Crafted by the Nibelung Dwarf Alberich out of the Rhinegold he stole from the Rhinemaidens by runic spell. Alberich was able to learn how to forge it by cursing love. He uses it to take control of the Nibelung. Alberich with the ring can divine gold, and forces the Nibelung to mine it for him. He plans to eventually enslave the world using the ring. If he attacks Valhalla with the ring, he will defeat the Gods. However if it is returned to the Rhinemaidens the curse will be lifted.
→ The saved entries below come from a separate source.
(* Let $\beta>0$, $\eta>0$, $0\le T\le1$ and $-\frac12<s<0$. Then there is a constant $C>0$, independent of $T$, $u$, $v$ (depending on $s$ and the fixed parameters), such that $$\Big\|\int_0^tS(t-t')\partial_x(uv)(t')\,dt'\Big\|_{X_T^s}\le C\,e^{\frac{\eta T}{2}}T^{\frac{1+2s}{4}}\|u\|_{X_T^s}\|v\|_{X_T^s}$$ for all $u,v\in X_T^s$.
   Context: $S(t)f=\big(e^{iq(\xi)t-p(\xi)t}\widehat f\big)^\vee$ for $t\ge0$, with $q(\xi)=\beta\xi|\xi|$ and $p(\xi)=\eta(\xi^2-|\xi|)$. For $s<0$ and $0\le T\le1$, $X_T^s=\{u\in C([0,T];H^s(\mathbb{R})):\|u\|_{X_T^s}<\infty\}$ where $\|u\|_{X_T^s}=\sup_{t\in(0,T]}\big(\|u(t)\|_{H^s}+t^{|s|/2}\|u(t)\|_{L^2}\big)$; the $X_T^s$ norm on the left is applied to the function $t\mapsto\int_0^tS(t-t')\partial_x(uv)(t')dt'$. *)

theory Defs
  imports "HOL-Analysis.Analysis"
begin

text \<open>
  Elements of H^s(R) (possibly with s < 0, i.e. distributions) are represented
  on the Fourier side: a function f :: real => complex stands for the tempered
  distribution whose Fourier transform (convention: hat f(xi) = int e^(-i x xi) f(x) dx)
  is f.  Then ||f||_{H^s}^2 = (1/(2 pi)) int (1+xi^2)^s |hat f(xi)|^2 dxi and
  the L^2 norm is the case s = 0 (Plancherel).
\<close>

definition Hs_sq :: "real \<Rightarrow> (real \<Rightarrow> complex) \<Rightarrow> ennreal" where
  "Hs_sq s f = (\<integral>\<^sup>+ \<xi>. ennreal ((1 + \<xi>\<^sup>2) powr s * (cmod (f \<xi>))\<^sup>2) \<partial>lborel)"

definition in_Hs :: "real \<Rightarrow> (real \<Rightarrow> complex) \<Rightarrow> bool" where
  "in_Hs s f \<longleftrightarrow> f \<in> borel_measurable lborel \<and> Hs_sq s f < \<infinity>"

definition Hs_norm :: "real \<Rightarrow> (real \<Rightarrow> complex) \<Rightarrow> real" where
  "Hs_norm s f = sqrt (enn2real (Hs_sq s f) / (2 * pi))"

abbreviation in_L2 :: "(real \<Rightarrow> complex) \<Rightarrow> bool" where
  "in_L2 f \<equiv> in_Hs 0 f"

abbreviation L2_norm :: "(real \<Rightarrow> complex) \<Rightarrow> real" where
  "L2_norm f \<equiv> Hs_norm 0 f"

text \<open>A time-dependent function u is given by u t = Fourier transform of u(t).\<close>

definition Xweight :: "real \<Rightarrow> (real \<Rightarrow> real \<Rightarrow> complex) \<Rightarrow> real \<Rightarrow> real" where
  "Xweight s u t = Hs_norm s (u t) + t powr (\<bar>s\<bar> / 2) * L2_norm (u t)"

definition in_X :: "real \<Rightarrow> real \<Rightarrow> (real \<Rightarrow> real \<Rightarrow> complex) \<Rightarrow> bool" where
  "in_X s T u \<longleftrightarrow>
     (\<forall>t\<in>{0..T}. in_Hs s (u t)) \<and>
     (\<forall>t0\<in>{0..T}. ((\<lambda>t. Hs_norm s (u t - u t0)) \<longlongrightarrow> 0) (at t0 within {0..T})) \<and>
     (\<forall>t\<in>{0<..T}. in_L2 (u t)) \<and>
     bdd_above (Xweight s u ` {0<..T})"

definition X_norm :: "real \<Rightarrow> real \<Rightarrow> (real \<Rightarrow> real \<Rightarrow> complex) \<Rightarrow> real" where
  "X_norm s T u = Sup (Xweight s u ` {0<..T})"

definition qsym :: "real \<Rightarrow> real \<Rightarrow> real" where
  "qsym \<beta> \<xi> = \<beta> * \<xi> * \<bar>\<xi>\<bar>"

definition psym :: "real \<Rightarrow> real \<Rightarrow> real" where
  "psym \<eta> \<xi> = \<eta> * (\<xi>\<^sup>2 - \<bar>\<xi>\<bar>)"

text \<open>Fourier transform of a product: (fg)^ = (1/(2 pi)) hat f * hat g.\<close>
definition fconv :: "(real \<Rightarrow> complex) \<Rightarrow> (real \<Rightarrow> complex) \<Rightarrow> real \<Rightarrow> complex" where
  "fconv f g \<xi> = complex_of_real (1 / (2 * pi)) * (\<integral>\<zeta>. f (\<xi> - \<zeta>) * g \<zeta> \<partial>lborel)"

text \<open>Fourier transform (in x) of the Duhamel term
  int_0^t S(t-t') d_x(uv)(t') dt'.\<close>
definition duhamel :: "real \<Rightarrow> real \<Rightarrow> (real \<Rightarrow> real \<Rightarrow> complex) \<Rightarrow> (real \<Rightarrow> real \<Rightarrow> complex)
    \<Rightarrow> real \<Rightarrow> real \<Rightarrow> complex" where
  "duhamel \<beta> \<eta> u v t \<xi> =
     set_lebesgue_integral lborel {0..t}
       (\<lambda>t'. exp (complex_of_real (t - t') * (\<i> * complex_of_real (qsym \<beta> \<xi>) - complex_of_real (psym \<eta> \<xi>)))
             * (\<i> * complex_of_real \<xi>) * fconv (u t') (v t') \<xi>)"

end

theory Submission
  imports Defs
begin

text \<open>
  On the Fourier side the dispersive factor \<open>exp(i t q(\<xi>))\<close> has modulus one. Hence the
  Duhamel term satisfies \<open>|D(t,\<xi>)| \<le> X |\<xi>| \<integral>\<^sub>0\<^sup>t exp(-(t-y) p(\<xi>)) y^s dy\<close>. Cauchy-Schwarz in \<open>y\<close>
  with the weight \<open>(t-y)^(-a) y^s\<close>, \<open>a = 3/4 + \<sigma>/2\<close>, followed by Fubini, bounds \<open>\<parallel>D(t)\<parallel>\<^sub>H\<^sub>\<sigma>\<^sup>2\<close>
  by the heat-type integral \<open>\<integral> (1+\<xi>\<^sup>2)^\<sigma> \<xi>\<^sup>2 exp(-\<eta> \<tau> \<xi>\<^sup>2) d\<xi> \<le> C \<tau>^(-3/2-\<sigma>)\<close> (the term
  \<open>-\<eta>|\<xi>|\<close> of \<open>p\<close> costs a factor \<open>exp(\<eta> t)\<close>) times the square of the Beta-type integral
  \<open>\<integral>\<^sub>0\<^sup>t (t-y)^(-a) y^s dy \<le> C t^(1-a+s)\<close>. So \<open>\<parallel>D(t)\<parallel>\<^sub>H\<^sub>\<sigma> \<le> C exp(\<eta> t/2) t^(1/4-\<sigma>/2+s) X\<close>, and
  \<open>\<sigma> = s\<close>, \<open>\<sigma> = 0\<close> give the two parts of the \<open>X\<^sub>T\<^sup>s\<close> norm.

  Measurability of \<open>D(t)\<close> needs an argument of its own: \<open>u\<close> is continuous in time only in
  \<open>H\<^sup>s\<close>, so the product is approximated by its frequency cutoffs, which are continuous in time
  and hence jointly measurable in \<open>(\<xi>, y)\<close>.
\<close>

section \<open>Sobolev norms and the Fourier transform of a product\<close>

lemma Hs_norm_nonneg: "Hs_norm s f \<ge> 0"
  unfolding Hs_norm_def by simp

lemma Hs_sq_eq_Hs_norm:
  assumes "Hs_sq s f < \<infinity>"
  shows "Hs_sq s f = ennreal (2 * pi * (Hs_norm s f)\<^sup>2)"
proof -
  have "2 * pi * (Hs_norm s f)\<^sup>2 = enn2real (Hs_sq s f)"
    unfolding Hs_norm_def by (simp add: real_sqrt_pow2)
  with assms show ?thesis by (simp add: less_top ennreal_enn2real)
qed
The Gods Wotan and Loge take the ring from Alberich, who curses it so that all who do not possess it covet it - often to a violent extent - for themselves. At various times, in the possession of Alberich, Wotan, Fasolt, Fafner, and Siegfried. Wotan sires the Walsungs to recover it and Alberich sires Hagen on Queen Grimhilde. Finally it is returned to the Rhinemaidens by the lover of Siegfried and former Valkyrie Brunnhilde during her immolation on his funeral pyre, though Hagen is drowned by the Rhinemaidens while trying to take it.
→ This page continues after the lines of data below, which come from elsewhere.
lemma finite_star_cover_if_no_separated_seq:
  assumes "\<And>x :: nat \<Rightarrow> 'a. (\<forall>k. x k \<in> C) \<Longrightarrow> \<exists>i j. i < j \<and> (\<exists>V\<in>\<V>. x i \<in> V \<and> x j \<in> V)"
  shows "\<exists>F. finite F \<and> F \<subseteq> C \<and> C \<subseteq> St F \<V>"
proof (rule ccontr)
  assume H: "\<not> ?thesis"
  define next_pt where "next_pt F = (SOME z. z \<in> C \<and> z \<notin> St F \<V>)" for F
  have next_pt: "next_pt F \<in> C \<and> next_pt F \<notin> St F \<V>" if "finite F" "F \<subseteq> C" for F
    unfolding next_pt_def by (rule someI_ex) (use H that in blast)
  define G where "G = rec_nat {} (\<lambda>_ F. insert (next_pt F) F)"
  have G_0: "G 0 = {}" and G_Suc: "G (Suc k) = insert (next_pt (G k)) (G k)" for k
    unfolding G_def by simp_all
  have G: "finite (G k) \<and> G k \<subseteq> C" for k
    by (induction k) (use next_pt in \<open>simp_all add: G_0 G_Suc\<close>)
  define x where "x k = next_pt (G k)" for k
  have x: "x k \<in> C \<and> x k \<notin> St (G k) \<V>" for k
    unfolding x_def using next_pt G by blast
  have earlier: "x i \<in> G j" if "i < j" for i j
    using that by (induction j) (auto simp: G_Suc x_def less_Suc_eq)
  have "\<not> (\<exists>V\<in>\<V>. x i \<in> V \<and> x j \<in> V)" if "i < j" for i j
  proof
    assume "\<exists>V\<in>\<V>. x i \<in> V \<and> x j \<in> V"
    then have "x j \<in> St (G j) \<V>"
      using earlier[OF that] unfolding St_def by blast
    then show False
      using x by blast
  qed
  moreover have "\<forall>k. x k \<in> C"
    using x by blast
  ultimately show False
    using assms[of x] by blast
qed

lemma set_strongly_star_Hurewicz_if_closed_finite_star:
  assumes "\<And>C \<V>. closedin T C \<Longrightarrow> \<forall>V\<in>\<V>. openin T V \<Longrightarrow> C \<subseteq> \<Union>\<V> \<Longrightarrow>
      \<exists>F. finite F \<and> F \<subseteq> C \<and> C \<subseteq> St F \<V>"
  shows "set_strongly_star_Hurewicz T"
  unfolding set_strongly_star_Hurewicz_def
proof (intro allI impI)
  fix S and \<U> :: "nat \<Rightarrow> _"
  assume S: "S \<noteq> {} \<and> S \<subseteq> topspace T"
    and \<U>: "\<forall>n. (\<forall>U\<in>\<U> n. openin T U) \<and> T closure_of S \<subseteq> \<Union>(\<U> n)"
  have "\<exists>F. finite F \<and> F \<subseteq> T closure_of S \<and> T closure_of S \<subseteq> St F (\<U> n)" for n
    using assms[OF closedin_closure_of, of "\<U> n" S] \<U> by blast
  then obtain F where F: "\<And>n. finite (F n) \<and> F n \<subseteq> T closure_of S \<and> T closure_of S \<subseteq> St (F n) (\<U> n)"
    by metis
  have "S \<subseteq> T closure_of S"
    using S by (simp add: closure_of_subset)
  then have "x \<in> St (F n) (\<U> n)" if "x \<in> S" for x n
    using F[of n] that by blast
  then have "\<forall>x\<in>S. \<forall>\<^sub>F n in sequentially. x \<in> St (F n) (\<U> n)"
    by (simp add: always_eventually)
  with F show "\<exists>F. (\<forall>n. finite (F n) \<and> F n \<subseteq> T closure_of S) \<and>
      (\<forall>x\<in>S. \<forall>\<^sub>F n in sequentially. x \<in> St (F n) (\<U> n))"
    by blast
qed

lemma not_set_strongly_star_Hurewicz_if_uncountable_discrete:
  assumes "uncountable (topspace T)" and "\<And>y. y \<in> topspace T \<Longrightarrow> openin T {y}"
  shows "\<not> set_strongly_star_Hurewicz T"
proof
  let ?Y = "topspace T"
  define \<U> where "\<U> n = (\<lambda>y. {y}) ` ?Y" for n :: nat
  assume H: "set_strongly_star_Hurewicz T"
  have "?Y \<noteq> {} \<and> ?Y \<subseteq> ?Y"
    using assms(1) by auto
  moreover have "\<forall>n. (\<forall>U\<in>\<U> n. openin T U) \<and> T closure_of ?Y \<subseteq> \<Union>(\<U> n)"
    using assms(2) closure_of_subset_topspace[of T ?Y] by (auto simp: \<U>_def)
  ultimately have "\<exists>F. (\<forall>n. finite (F n) \<and> F n \<subseteq> T closure_of ?Y) \<and>
      (\<forall>x\<in>?Y. \<forall>\<^sub>F n in sequentially. x \<in> St (F n) (\<U> n))"
    by (rule H[unfolded set_strongly_star_Hurewicz_def, THEN spec, THEN mp, THEN spec, THEN mp])
  then obtain F where F: "\<And>n. finite (F n)"
    and ev: "\<forall>x\<in>?Y. \<forall>\<^sub>F n in sequentially. x \<in> St (F n) (\<U> n)"
    by blast
  have "?Y \<subseteq> (\<Union>n. F n)"
  proof
    fix y
    assume "y \<in> ?Y"
    then have "\<forall>\<^sub>F n in sequentially. y \<in> St (F n) (\<U> n)"
      using ev by blast
    then obtain n where "y \<in> St (F n) (\<U> n)"
      using eventually_happens'[OF sequentially_bot] by blast
    then show "y \<in> (\<Union>n. F n)"
      unfolding St_def \<U>_def by blast
  qed
  moreover have "countable (\<Union>n. F n)"
    using F by (simp add: countable_finite)
  ultimately show False
    using assms(1) countable_subset by blast
qed

lemma omega1_openin_order_top_osucc:
  assumes "is_omega1 TYPE('a::wellorder)"
  shows "openin order_top {osucc (a::'a)}"
proof -
  have "z = osucc a" if "a < z" "z < osucc (osucc a)" for z
  proof (rule antisym)
    show "osucc a \<le> z"
      using that(1) by (rule osucc_least)
    show "z \<le> osucc a"
      using osucc_least[of "osucc a" z] that(2) by (meson leD leI)
  qed
  then have "{a<..} \<inter> {..<osucc (osucc a)} = {osucc a}"
    using omega1_less_osucc[OF assms, of a] omega1_less_osucc[OF assms, of "osucc a"] by auto
  then show ?thesis
    by (metis openin_Int openin_order_top_greaterThan openin_order_top_lessThan)
qed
The actual Power of the Ring is ambivalent: the only one who seems to derive any physical power from it is Alberich (who had cursed love) and nobody else seems to derive any power from it: Brunhilde seems to think she can overpower Siegfried (in the guise of Gunther) with its power, but it does not avail her in the slightest. In fact, it could be said that the power of the Ring - not unlike the power of the Curse Alberich puts on it later - is purely the power of suggestion. In this case, the suggestion that the Ring will grant its owner that which they most keenly desire: Fafner, who only cares about his own survival, thinks it will grant him everlasting life. Brunhilde later sees it as the symbol of Siegfried's love.